No VPC configuration, no cluster management, no API gateway to build. You focus on schema and pipe logic; Tinybird runs the infrastructure.
Frequently Asked Questions (FAQs)
Does ClickHouse® Cloud support Redis natively?
ClickHouse® Cloud does not have a native Redis connector in ClickPipes. You use the Kafka data source: configure a Kafka Connect Redis Source connector that reads from Redis Streams and writes to Kafka, then create a Kafka ClickPipe to load into ClickHouse® Cloud.
You operate the Redis → Kafka path; ClickHouse® Cloud ingests from Kafka.
Can I use Tinybird for Redis to ClickHouse® without Kafka?
Yes. Push Redis Streams data into Tinybird via the Events API (HTTP): a Redis Streams consumer reads entries and POSTs them directly to Tinybird. No Kafka cluster required.
Tinybird stores data in ClickHouse®-backed data sources and lets you publish Pipes as REST APIs. You own the Redis consumer; Tinybird is the destination and API layer.
How do I handle duplicates in a Redis to ClickHouse® pipeline?
Use the Redis Stream entry ID (e.g. 1712345678901-0) as a deduplication key. Configure ReplacingMergeTree with a version derived from the stream ID timestamp.
With at-least-once delivery from Redis Streams consumer groups, the same entry may arrive more than once on failure. ReplacingMergeTree collapses duplicates during background merges. Use FINAL at query time for strong deduplication consistency.

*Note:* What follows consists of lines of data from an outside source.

(* Let $([v_{ij}:v_{ji}])$ be common lines data for planes $P_1,\dots,P_N$ and fix a triple $(i,j,k)$ of distinct indices that strictly satisfies the spherical triangle inequalities. Then there exist frames $F_i,F_j,F_k$ in generic position which realize the common line pairs $[v_{ij}:v_{ji}]$, $[v_{ik}:v_{ki}]$, $[v_{jk}:v_{kj}]$, i.e. $\iota_i(v_{ij})=\iota_j(v_{ji})$, $\iota_i(v_{ik})=\iota_k(v_{ki})$, $\iota_j(v_{jk})=\iota_k(v_{kj})$. Moreover, if $G_i,G_j,G_k$ are any other frames realizing these same three pairs, then there is $A\in\mathrm O(3)$ with $(AF_i,AF_j,AF_k)=(G_i,G_j,G_k)$.
   Context: A frame is an ordered pair $(a,b)$ of orthonormal vectors in $\mathbb R^3$. Planes $P_1=\dots=P_N=\mathbb R^2$; a frame $F_i=(a_i,b_i)$ gives the embedding $\iota_i:P_i\to\mathbb R^3$, $\iota_i(x,y)=xa_i+yb_i$. Frames are in generic position if their planes $\iota(P)$ are pairwise distinct and the pairwise intersection lines are pairwise distinct. $\mathrm O(3)$ is the group of all $3\times3$ orthogonal matrices, acting on frames by $A(a,b)=(Aa,Ab)$. Common lines data is a collection $([v_{ij}:v_{ji}])_{1\le i<j\le N}$ of elements of $\mathbb P(P_i\times P_j)$ (nonzero pairs $(v_{ij},v_{ji})\in\mathbb R^2\times\mathbb R^2$ up to nonzero scaling) with $\|v_{ij}\|^2=\|v_{ji}\|^2$; indices of a pair may be written in either order. For a triple $(i,j,k)$ and chosen representatives set $\alpha_{ijk}=\cos^{-1}\frac{v_{ij}\cdot v_{ik}}{\|v_{ij}\|\|v_{ik}\|}$, $\beta_{ijk}=\cos^{-1}\frac{v_{ji}\cdot v_{jk}}{\|v_{ji}\|\|v_{jk}\|}$, $\gamma_{ijk}=\cos^{-1}\frac{v_{ki}\cdot v_{kj}}{\|v_{ki}\|\|v_{kj}\|}$. The triple strictly satisfies the spherical triangle inequalities if for any choice of representatives $\beta+\gamma>\alpha$, $\alpha+\gamma>\beta$, $\alpha+\beta>\gamma$, $\alpha+\beta+\gamma<2\pi$ (with $\alpha=\alpha_{ijk}$ etc.). *)

theory Defs
  imports "HOL-Analysis.Analysis"
begin
(* Let $W$ be the affine Weyl group of an irreducible reduced crystallographic root system of rank 2, with simple generators $s_0,s_1,s_2$. Let $H_{r_0},H_{r_1}$ be adjacent parallel hyperplanes ($H_{\alpha,c}$ and $H_{\alpha,c+1}$ for some root $\alpha$, $c\in\mathbb{Z}$) and suppose both the alcove $w\in W$ and the identity alcove lie in the strip between them. If $D_R(w)=\{0,i\}$ with $i\in\{1,2\}$, then $s_0s_i$ does not have order $4$.
   Context: $W$ is generated by the reflections in the lines $H_{\beta,k}=\{v:\langle v,\beta\rangle=k\}$ ($\beta$ a root, $k\in\mathbb{Z}$) in a Euclidean plane; its simple generators $s_0,s_1,s_2$ are the reflections in the walls of the fundamental alcove $A_0$, $s_0$ being the reflection in the wall not through the origin. Elements are identified with alcoves via $w\mapsto wA_0$. $\ell$ is Coxeter length; $D_R(w)=\{j:\ell(ws_j)<\ell(w)\}$. *)

theory Defs
  imports "HOL-Analysis.Analysis"
begin

type_synonym pt = "real^2"

definition hyp :: "pt \<Rightarrow> real \<Rightarrow> pt set" where
  "hyp \<beta> k = {v. inner v \<beta> = k}"

definition refl :: "pt \<Rightarrow> real \<Rightarrow> pt \<Rightarrow> pt" where
  "refl \<beta> k v = v - ((2 * (inner v \<beta> - k)) / inner \<beta> \<beta>) *\<^sub>R \<beta>"

definition root_system :: "pt set \<Rightarrow> bool" where
  "root_system R \<longleftrightarrow> finite R \<and> 0 \<notin> R \<and> span R = UNIV
     \<and> (\<forall>\<alpha>\<in>R. \<forall>\<beta>\<in>R. refl \<alpha> 0 \<beta> \<in> R)
     \<and> (\<forall>\<alpha>\<in>R. \<forall>\<beta>\<in>R. 2 * inner \<alpha> \<beta> / inner \<alpha> \<alpha> \<in> \<int>)
     \<and> (\<forall>\<alpha>\<in>R. \<forall>c::real. c *\<^sub>R \<alpha> \<in> R \<longrightarrow> c = 1 \<or> c = -1)"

What's the latency of a ClickHouse® integration Redis pipeline?
With Tinybird Events API (HTTP push), end-to-end latency from Redis entry to queryable ClickHouse® data is typically under 5 seconds. With a Kafka bridge, latency depends on your Kafka producer batch settings (typically 1–10 seconds).

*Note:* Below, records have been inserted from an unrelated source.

lemma int_eigenvalues_at_add:
  assumes "x \<in> int_eigenvalues_at p v" "y \<in> int_eigenvalues_at p v"
  shows "x + y \<in> int_eigenvalues_at p v"
proof -
  obtain \<alpha> m \<beta> n where "\<alpha> \<in> int_eigenvalues v" "m \<noteq> 0" "\<not> int p dvd m" "x = \<alpha> / of_int m"
    "\<beta> \<in> int_eigenvalues v" "n \<noteq> 0" "\<not> int p dvd n" "y = \<beta> / of_int n"
    using assms by (elim int_eigenvalues_at_E)
  moreover from this have "\<not> int p dvd m * n" using p by (simp add: prime_dvd_mult_iff)
  moreover have "x + y = (\<alpha> * of_int n + \<beta> * of_int m) / of_int (m * n)"
    using calculation by (simp add: field_simps)
  ultimately show ?thesis unfolding int_eigenvalues_at_def
    by (intro CollectI exI[of _ "\<alpha> * of_int n + \<beta> * of_int m"] exI[of _ "m * n"])
       (auto intro!: int_eigenvalues_add int_eigenvalues_mult of_int_in_int_eigenvalues)
qed

lemma int_eigenvalues_at_mult:
  assumes "x \<in> int_eigenvalues_at p v" "y \<in> int_eigenvalues_at p v"
  shows "x * y \<in> int_eigenvalues_at p v"
proof -
  obtain \<alpha> m \<beta> n where "\<alpha> \<in> int_eigenvalues v" "m \<noteq> 0" "\<not> int p dvd m" "x = \<alpha> / of_int m"
    "\<beta> \<in> int_eigenvalues v" "n \<noteq> 0" "\<not> int p dvd n" "y = \<beta> / of_int n"
    using assms by (elim int_eigenvalues_at_E)
  moreover from this have "\<not> int p dvd m * n" using p by (simp add: prime_dvd_mult_iff)
  ultimately show ?thesis unfolding int_eigenvalues_at_def
    by (intro CollectI exI[of _ "\<alpha> * \<beta>"] exI[of _ "m * n"]) (auto intro!: int_eigenvalues_mult)
qed

lemma int_eigenvalues_at_diff:
  assumes "x \<in> int_eigenvalues_at p v" "y \<in> int_eigenvalues_at p v"
  shows "x - y \<in> int_eigenvalues_at p v"
  using int_eigenvalues_at_add[OF assms(1)
      int_eigenvalues_at_mult[OF of_int_in_int_eigenvalues_at[of "-1"] assms(2)]]
  by simp

lemma int_eigenvalues_at_sum:
  "(\<And>i. i \<in> I \<Longrightarrow> g i \<in> int_eigenvalues_at p v) \<Longrightarrow> sum g I \<in> int_eigenvalues_at p v"
  using of_int_in_int_eigenvalues_at[of 0]
  by (induction I rule: infinite_finite_induct) (auto intro: int_eigenvalues_at_add)

lemma int_eigenvalues_at_divide:
  assumes "x \<in> int_eigenvalues_at p v" and "\<not> int p dvd m"
  shows "x / of_int m \<in> int_eigenvalues_at p v"
proof -
  obtain \<alpha> n where "\<alpha> \<in> int_eigenvalues v" "\<not> int p dvd n" "x = \<alpha> / of_int n"
    using assms(1) by (elim int_eigenvalues_at_E)
  moreover from this have "\<not> int p dvd n * m" using p assms(2) by (simp add: prime_dvd_mult_iff)
  ultimately show ?thesis unfolding int_eigenvalues_at_def
    by (intro CollectI exI[of _ \<alpha>] exI[of _ "n * m"]) auto
qed

lemma half_in_int_eigenvalues_at:
  assumes "odd p" and "x \<in> int_eigenvalues_at p v"
  shows "x / 2 \<in> int_eigenvalues_at p v"
proof -
  have "\<not> p dvd 2"
    using p assms(1) prime_ge_2_nat[of p] dvd_imp_le[of p 2] by (cases "p = 2") auto
  hence "\<not> int p dvd int 2" by presburger
  thus ?thesis using int_eigenvalues_at_divide[OF assms(2), of 2] by simp
qed

lemma p_integral_if_in_int_eigenvalues_at:
  assumes "x \<in> int_eigenvalues_at p v" and "v \<noteq> 0\<^sub>v (dim_vec v)"
  shows "p_integral p x"
  using assms(1) alg_int_if_int_eigenvalue[OF _ assms(2)]
  unfolding p_integral_def by (elim int_eigenvalues_at_E) blast

end

context
  fixes f :: nat and chi :: "nat \<Rightarrow> complex"
  assumes chi: "dirichlet_char f chi"
begin

lemma dirichlet_char_mult: "chi (a * b) = chi a * chi b"
  using chi unfolding dirichlet_char_def by blast

lemma dirichlet_char_periodic: "chi (a + f * i) = chi a"
proof (induction i)
  case (Suc i)
  have "chi (a + f * Suc i) = chi ((a + f * i) + f)" by (simp add: algebra_simps)
  also have "\<dots> = chi (a + f * i)" using chi unfolding dirichlet_char_def by blast
  finally show ?case using Suc by simp
qed simp

lemma dirichlet_char_cong: "[a = b] (mod f) \<Longrightarrow> chi a = chi b"
  unfolding cong_def by (metis dirichlet_char_periodic mod_mult_div_eq add.commute)

lemma dirichlet_char_one: "chi 1 = 1"
proof -
  have "chi 1 = chi 1 * chi 1" using dirichlet_char_mult[of 1 1] by simp
  moreover have "chi 1 \<noteq> 0" using chi unfolding dirichlet_char_def by simp
  ultimately show ?thesis by (metis mult_cancel_left1)
qed

lemma dirichlet_char_power: "chi (a ^ k) = chi a ^ k"
  using dirichlet_char_one by (induction k) (simp_all add: dirichlet_char_mult)

lemma dirichlet_char_in_int_eigenvalues: "chi a \<in> int_eigenvalues (unit_root_powers (totient f))"
proof (cases "coprime a f")
  case False
  hence "chi a = 0" using chi unfolding dirichlet_char_def by simp
  thus ?thesis using of_int_in_int_eigenvalues[of 0] by simp
next
  case True
  have "totient f > 0" using chi unfolding dirichlet_char_def by simp
  moreover have "chi a ^ totient f = 1"
    using dirichlet_char_cong[OF euler_theorem[OF True]] dirichlet_char_one
    by (simp add: dirichlet_char_power)
  ultimately show ?thesis by (rule root_of_unity_in_int_eigenvalues)
qed

end

definition char_exp_sum :: "(nat \<Rightarrow> complex) \<Rightarrow> nat \<Rightarrow> complex fps" where
  "char_exp_sum chi F = (\<Sum>a=1..F. fps_const ((-1) ^ a * chi a) * fps_exp (of_nat a))"

definition char_power_sum :: "(nat \<Rightarrow> complex) \<Rightarrow> nat \<Rightarrow> nat \<Rightarrow> complex" where
  "char_power_sum chi F n = (\<Sum>a=1..F. (-1) ^ a * chi a * of_nat a ^ n)"

lemma euler_chi_char_exp_sum:
  "euler_chi chi F n = fact n * (2 * char_exp_sum chi F * inverse (fps_exp (of_nat F) + 1)) $ n"
  unfolding euler_chi_def char_exp_sum_def by simp

lemma euler_chi_recurrence:
  "2 * euler_chi chi F n + (\<Sum>i=1..n. of_nat (n choose i) * of_nat F ^ i * euler_chi chi F (n - i))
     = 2 * char_power_sum chi F n"
proof -
  define X where "X = fps_exp (of_nat F :: complex)"
  define G where "G = 2 * char_exp_sum chi F * inverse (X + 1)"
  have E: "euler_chi chi F k = fact k * G $ k" for k
    unfolding euler_chi_char_exp_sum G_def X_def ..
  have "(X + 1) * G = 2 * char_exp_sum chi F"
    unfolding G_def using inverse_mult_eq_1'[of "X + 1"] by (simp add: X_def ac_simps)
  hence "(X * G + G) $ n = (2 * char_exp_sum chi F) $ n"
    by (simp add: distrib_right)
  hence "(X * G) $ n + G $ n = (2 * char_exp_sum chi F) $ n"
    by (simp only: fps_add_nth)
  hence "fact n * (X * G) $ n + euler_chi chi F n = fact n * (2 * char_exp_sum chi F) $ n"
    unfolding E by (simp flip: distrib_left)
  moreover have "fact n * (X * G) $ n =
      (\<Sum>i=0..n. of_nat (n choose i) * of_nat F ^ i * euler_chi chi F (n - i))"
    unfolding fps_mult_nth sum_distrib_left E
    by (intro sum.cong) (simp_all add: X_def binomial_fact field_simps)
  moreover have "fact n * (2 * char_exp_sum chi F) $ n = 2 * char_power_sum chi F n"
    by (simp add: numeral_fps_const char_exp_sum_def char_power_sum_def fps_sum_nth sum_distrib_left)
  ultimately show ?thesis by (simp add: E sum.atLeast_Suc_atMost)
qed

Batch SCAN export latency equals your scan schedule interval—minutes to hours.
Is ClickHouse® integration Redis good for leaderboard analytics?

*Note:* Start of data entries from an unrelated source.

lemma Supp_eq_UNIV_if_unit_vec_not_mem_dual:
  assumes "\<And>j. unit_vec j \<notin> dual C"
  shows "Supp C = UNIV"
proof (rule ccontr)
  assume "Supp C \<noteq> UNIV"
  then obtain j where "\<forall>x\<in>C. x j = 0" by (auto simp: Supp_def supp_def)
  then have "unit_vec j \<in> dual C" by (simp add: mem_dual_iff dotp_unit_vec)
  with assms show False by blast
qed

text \<open>The functionals \<open>dotp u\<close> and \<open>dotp v\<close> are linearly independent on \<open>C\<close>, which is
  what independence of \<open>u\<close> and \<open>v\<close> modulo \<open>C\<^sup>\<perp>\<close> means.\<close>

lemma exists_dotp_one_zero:
  assumes C: "fv.subspace C" and indep: "indep_mod (dual C) u v"
  shows "\<exists>x\<in>C. dotp u x = 1 \<and> dotp v x = 0"
proof -
  have "\<exists>x0\<in>C. dotp u x0 \<noteq> 0"
  proof (rule ccontr)
    assume "\<not> ?thesis"
    then have "cscale 1 u + cscale 0 v \<in> dual C" by (intro lincomb_mem_dual) auto
    with indep show False unfolding indep_mod_def using one_neq_zero by blast
  qed
  then obtain x0 where x0: "x0 \<in> C" "dotp u x0 \<noteq> 0" by blast
  define r where "r = dotp v x0 / dotp u x0"
  have "\<exists>x\<in>C. dotp v x \<noteq> r * dotp u x"
  proof (rule ccontr)
    assume "\<not> ?thesis"
    then have "cscale r u + cscale (- 1) v \<in> dual C" by (intro lincomb_mem_dual) auto
    with indep show False unfolding indep_mod_def using one_neq_zero neg_equal_0_iff_equal by blast
  qed
  then obtain x where x: "x \<in> C" "dotp v x \<noteq> r * dotp u x" by blast
  define z where "z = x - cscale (dotp u x / dotp u x0) x0"
  have z: "z \<in> C" "dotp u z = 0" "dotp v z = dotp v x - r * dotp u x"
    using C x(1) x0 by (simp_all add: z_def r_def fv.subspace_diff fv.subspace_scale dotp_diff dotp_cscale)
  define x1 where "x1 = cscale (1 / dotp u x0) x0 - cscale (r / dotp v z) z"
  have "x1 \<in> C"
    using C x0(1) z(1) by (simp add: x1_def fv.subspace_diff fv.subspace_scale)
  moreover have "dotp u x1 = 1" "dotp v x1 = 0"
    using x0(2) x(2) z(2,3) by (simp_all add: x1_def r_def dotp_diff dotp_cscale)
  ultimately show ?thesis by blast
qed

lemma Supp_common_kernel:
  assumes C: "fv.subspace C"
    and x1: "x1 \<in> C" "dotp u x1 = 1" "dotp v x1 = 0"
    and x2: "x2 \<in> C" "dotp u x2 = 0" "dotp v x2 = 1"
    and misses: "\<And>j. unit_vec j \<notin> proj_line (dual C) u v"
  shows "Supp {x \<in> C. dotp u x = 0 \<and> dotp v x = 0} = UNIV"
proof (rule ccontr)
  assume "Supp {x \<in> C. dotp u x = 0 \<and> dotp v x = 0} \<noteq> UNIV"
  then obtain j where j: "\<And>x. x \<in> C \<Longrightarrow> dotp u x = 0 \<Longrightarrow> dotp v x = 0 \<Longrightarrow> x j = 0"
    by (auto simp: Supp_def supp_def)
  define y where "y = (\<lambda>t. unit_vec j t - x1 j * u t - x2 j * v t)"
  have "y \<in> dual C"
    unfolding mem_dual_iff
  proof
    fix x assume "x \<in> C"
    \<comment> \<open>project \<open>x\<close> into the common kernel along \<open>x1\<close> and \<open>x2\<close>\<close>
    define z where "z = x - cscale (dotp u x) x1 - cscale (dotp v x) x2"
    have "z \<in> C" "dotp u z = 0" "dotp v z = 0"
      using C \<open>x \<in> C\<close> x1 x2 by (simp_all add: z_def fv.subspace_diff fv.subspace_scale dotp_diff dotp_cscale)
    then have "z j = 0"
      by (rule j)
    then have "x j - dotp u x * x1 j - dotp v x * x2 j = 0"
      by (simp add: z_def)
    moreover have "dotp y x = dotp (unit_vec j) x - x1 j * dotp u x - x2 j * dotp v x"
      unfolding y_def dotp_def by (simp add: algebra_simps sum_subtractf sum_distrib_left sum.distrib)
    ultimately show "dotp y x = 0" by (simp add: dotp_unit_vec algebra_simps)
  qed
  moreover have "unit_vec j = cscale (x1 j) u + cscale (x2 j) v + y"
    by (auto simp: y_def fun_eq_iff)
  ultimately have "unit_vec j \<in> proj_line (dual C) u v"
    unfolding proj_line_def by blast
  with misses show False by blast
qed

lemma subspace_common_kernel:
  assumes "fv.subspace C"
  shows "fv.subspace {x \<in> C. dotp u x = 0 \<and> dotp v x = 0}"
  by (rule fv.subspaceI) (auto simp: assms dotp_add dotp_cscale dotp_zero fv.subspace_0 fv.subspace_add
      fv.subspace_scale)

lemma dim_common_kernel_add_two_le:
  fixes C :: "('n::finite \<Rightarrow> 'a::{finite,field}) set"
  assumes C: "fv.subspace C"
    and x1: "x1 \<in> C" "dotp u x1 = 1" "dotp v x1 = 0"
    and x2: "x2 \<in> C" "dotp u x2 = 0" "dotp v x2 = 1"
  shows "fv.dim {x \<in> C. dotp u x = 0 \<and> dotp v x = 0} + 2 \<le> fv.dim C"
proof -
  define D where "D = {x \<in> C. dotp u x = 0 \<and> dotp v x = 0}"
  have D: "fv.subspace D" "D \<subseteq> C"
    unfolding D_def using subspace_common_kernel[OF C] by auto
  have "x1 \<notin> fv.span (insert x2 D)"
  proof
    assume "x1 \<in> fv.span (insert x2 D)"
    then obtain t where "x1 - cscale t x2 \<in> D"
      using fv.span_insert[of x2 D] fv.span_eq_iff[THEN iffD2, OF D(1)] by auto
    with x1 x2 show False by (simp add: D_def dotp_diff dotp_cscale)
  qed
  moreover have "x2 \<notin> D"
    using x2 by (simp add: D_def)
  ultimately show ?thesis
    unfolding D_def[symmetric] using dim_add_two_le[OF D x1(1) x2(1)] by simp
qed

Yes. Redis sorted sets power real-time leaderboards at low latency. But they can't answer historical questions: "What was the rank distribution last week?" or "Which users consistently rank in the top 10%?"
Replicate sorted set data into ClickHouse® via Redis Streams and run time-window analytics, cohort analysis, and long-retention queries in SQL.
What Redis data structures work best for ClickHouse® integration?
Redis Streams are the best fit—they provide a durable, ordered, append-only log with consumer group semantics. Every write is captured and can be replayed.
Hashes and sorted sets work with batch SCAN export but lose intermediate state between scans. Pub/sub messages are ephemeral and must be captured in a consumer before they disappear.